## DATA SECTION

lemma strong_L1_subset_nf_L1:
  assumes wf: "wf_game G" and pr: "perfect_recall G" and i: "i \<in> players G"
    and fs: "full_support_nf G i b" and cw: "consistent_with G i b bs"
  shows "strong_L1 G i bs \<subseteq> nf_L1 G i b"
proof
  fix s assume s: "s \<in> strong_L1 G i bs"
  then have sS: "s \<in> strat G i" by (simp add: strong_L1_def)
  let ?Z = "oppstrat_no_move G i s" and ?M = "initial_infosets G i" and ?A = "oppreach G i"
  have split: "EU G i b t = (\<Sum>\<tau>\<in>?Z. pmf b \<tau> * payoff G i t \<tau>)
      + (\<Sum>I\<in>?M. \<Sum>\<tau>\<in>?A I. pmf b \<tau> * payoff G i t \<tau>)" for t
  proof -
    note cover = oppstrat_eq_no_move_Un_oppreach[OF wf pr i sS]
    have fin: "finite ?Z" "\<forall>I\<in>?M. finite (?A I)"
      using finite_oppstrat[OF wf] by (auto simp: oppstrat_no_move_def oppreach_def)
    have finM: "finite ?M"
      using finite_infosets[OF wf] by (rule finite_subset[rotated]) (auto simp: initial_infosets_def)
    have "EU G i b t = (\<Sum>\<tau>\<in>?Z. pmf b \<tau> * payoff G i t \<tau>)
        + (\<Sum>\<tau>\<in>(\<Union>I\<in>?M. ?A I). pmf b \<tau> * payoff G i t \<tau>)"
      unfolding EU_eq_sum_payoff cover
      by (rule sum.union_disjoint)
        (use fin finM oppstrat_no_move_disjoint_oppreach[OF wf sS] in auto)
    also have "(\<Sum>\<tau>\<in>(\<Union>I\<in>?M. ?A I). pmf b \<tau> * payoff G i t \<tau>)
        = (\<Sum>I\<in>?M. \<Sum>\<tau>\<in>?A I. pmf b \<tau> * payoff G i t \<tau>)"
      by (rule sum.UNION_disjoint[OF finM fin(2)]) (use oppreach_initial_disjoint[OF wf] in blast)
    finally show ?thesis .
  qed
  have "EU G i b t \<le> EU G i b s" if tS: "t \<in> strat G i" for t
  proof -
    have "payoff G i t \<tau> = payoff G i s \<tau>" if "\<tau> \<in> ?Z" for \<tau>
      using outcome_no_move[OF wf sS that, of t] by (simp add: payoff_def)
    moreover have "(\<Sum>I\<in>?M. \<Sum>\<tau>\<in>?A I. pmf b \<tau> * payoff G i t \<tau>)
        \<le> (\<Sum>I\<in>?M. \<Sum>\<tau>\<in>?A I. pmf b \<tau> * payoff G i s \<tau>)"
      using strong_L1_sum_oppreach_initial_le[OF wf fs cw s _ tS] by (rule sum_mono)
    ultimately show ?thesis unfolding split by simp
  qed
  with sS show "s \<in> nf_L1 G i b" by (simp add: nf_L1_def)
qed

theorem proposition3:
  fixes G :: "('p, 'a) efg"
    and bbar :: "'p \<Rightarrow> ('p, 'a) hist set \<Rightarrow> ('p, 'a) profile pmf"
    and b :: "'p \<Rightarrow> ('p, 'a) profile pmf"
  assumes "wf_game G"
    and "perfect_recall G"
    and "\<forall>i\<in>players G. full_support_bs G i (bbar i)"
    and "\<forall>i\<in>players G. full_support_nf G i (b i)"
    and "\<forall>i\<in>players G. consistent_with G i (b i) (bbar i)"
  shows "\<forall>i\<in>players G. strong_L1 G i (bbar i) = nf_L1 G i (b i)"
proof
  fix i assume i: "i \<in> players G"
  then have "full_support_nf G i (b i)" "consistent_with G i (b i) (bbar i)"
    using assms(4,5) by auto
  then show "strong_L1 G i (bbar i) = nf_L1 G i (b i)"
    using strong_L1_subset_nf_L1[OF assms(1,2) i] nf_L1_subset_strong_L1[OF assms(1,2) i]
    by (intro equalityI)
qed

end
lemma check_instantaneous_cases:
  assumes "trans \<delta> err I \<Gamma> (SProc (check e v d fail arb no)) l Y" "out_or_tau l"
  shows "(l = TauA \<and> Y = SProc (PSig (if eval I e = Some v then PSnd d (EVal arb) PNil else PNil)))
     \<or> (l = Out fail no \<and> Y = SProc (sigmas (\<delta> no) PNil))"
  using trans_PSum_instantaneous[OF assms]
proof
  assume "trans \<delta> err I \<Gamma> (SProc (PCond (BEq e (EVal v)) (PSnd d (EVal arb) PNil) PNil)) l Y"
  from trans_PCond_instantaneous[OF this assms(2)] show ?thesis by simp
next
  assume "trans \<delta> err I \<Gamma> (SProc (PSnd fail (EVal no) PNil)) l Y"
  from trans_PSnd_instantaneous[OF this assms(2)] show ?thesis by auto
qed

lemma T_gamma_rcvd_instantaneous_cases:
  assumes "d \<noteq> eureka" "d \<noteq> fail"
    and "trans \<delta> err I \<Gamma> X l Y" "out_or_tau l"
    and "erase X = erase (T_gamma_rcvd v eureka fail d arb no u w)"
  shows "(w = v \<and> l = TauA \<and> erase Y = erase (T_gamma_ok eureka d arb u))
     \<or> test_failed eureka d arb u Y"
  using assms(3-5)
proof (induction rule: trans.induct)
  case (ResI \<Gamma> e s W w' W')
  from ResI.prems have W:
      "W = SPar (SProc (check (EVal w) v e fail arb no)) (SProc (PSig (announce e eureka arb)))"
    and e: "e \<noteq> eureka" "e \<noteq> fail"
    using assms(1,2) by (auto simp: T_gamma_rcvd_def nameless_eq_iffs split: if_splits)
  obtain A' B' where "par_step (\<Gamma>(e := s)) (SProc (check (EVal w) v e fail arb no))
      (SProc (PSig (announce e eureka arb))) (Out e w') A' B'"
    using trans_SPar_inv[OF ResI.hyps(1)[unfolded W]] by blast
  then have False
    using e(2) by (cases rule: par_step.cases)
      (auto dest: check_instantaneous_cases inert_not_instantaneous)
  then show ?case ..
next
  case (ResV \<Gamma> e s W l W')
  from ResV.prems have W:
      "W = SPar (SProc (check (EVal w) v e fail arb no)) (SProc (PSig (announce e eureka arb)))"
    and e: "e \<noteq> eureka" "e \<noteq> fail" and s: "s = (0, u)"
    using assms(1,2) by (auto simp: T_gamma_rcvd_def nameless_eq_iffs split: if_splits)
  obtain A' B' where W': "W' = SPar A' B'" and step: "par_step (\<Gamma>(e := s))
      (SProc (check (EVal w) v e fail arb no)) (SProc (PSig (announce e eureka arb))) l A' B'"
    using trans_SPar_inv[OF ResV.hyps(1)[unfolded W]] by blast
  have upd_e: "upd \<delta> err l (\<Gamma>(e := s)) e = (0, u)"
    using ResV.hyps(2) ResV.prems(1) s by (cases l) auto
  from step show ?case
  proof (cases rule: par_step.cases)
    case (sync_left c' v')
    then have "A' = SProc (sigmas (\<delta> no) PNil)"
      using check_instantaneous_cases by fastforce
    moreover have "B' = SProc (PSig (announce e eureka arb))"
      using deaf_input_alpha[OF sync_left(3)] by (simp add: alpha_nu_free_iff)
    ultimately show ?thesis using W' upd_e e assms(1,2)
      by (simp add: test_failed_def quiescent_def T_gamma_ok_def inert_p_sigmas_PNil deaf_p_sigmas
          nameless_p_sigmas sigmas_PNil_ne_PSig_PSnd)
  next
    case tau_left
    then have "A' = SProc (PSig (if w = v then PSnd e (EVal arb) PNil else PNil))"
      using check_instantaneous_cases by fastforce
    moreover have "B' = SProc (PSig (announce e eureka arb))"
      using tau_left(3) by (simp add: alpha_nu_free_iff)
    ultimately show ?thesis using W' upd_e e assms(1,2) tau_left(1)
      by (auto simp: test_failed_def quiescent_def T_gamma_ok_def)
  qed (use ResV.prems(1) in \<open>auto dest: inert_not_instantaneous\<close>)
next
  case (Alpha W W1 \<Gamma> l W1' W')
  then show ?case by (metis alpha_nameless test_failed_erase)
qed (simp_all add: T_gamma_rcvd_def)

## EXERCISE GOAL
Each line from the top of the data, up to and including the line that contains "fix s assume", should be set down exactly.

## ANSWER BELOW
lemma strong_L1_subset_nf_L1:
  assumes wf: "wf_game G" and pr: "perfect_recall G" and i: "i \<in> players G"
    and fs: "full_support_nf G i b" and cw: "consistent_with G i b bs"
  shows "strong_L1 G i bs \<subseteq> nf_L1 G i b"
proof
  fix s assume s: "s \<in> strong_L1 G i bs"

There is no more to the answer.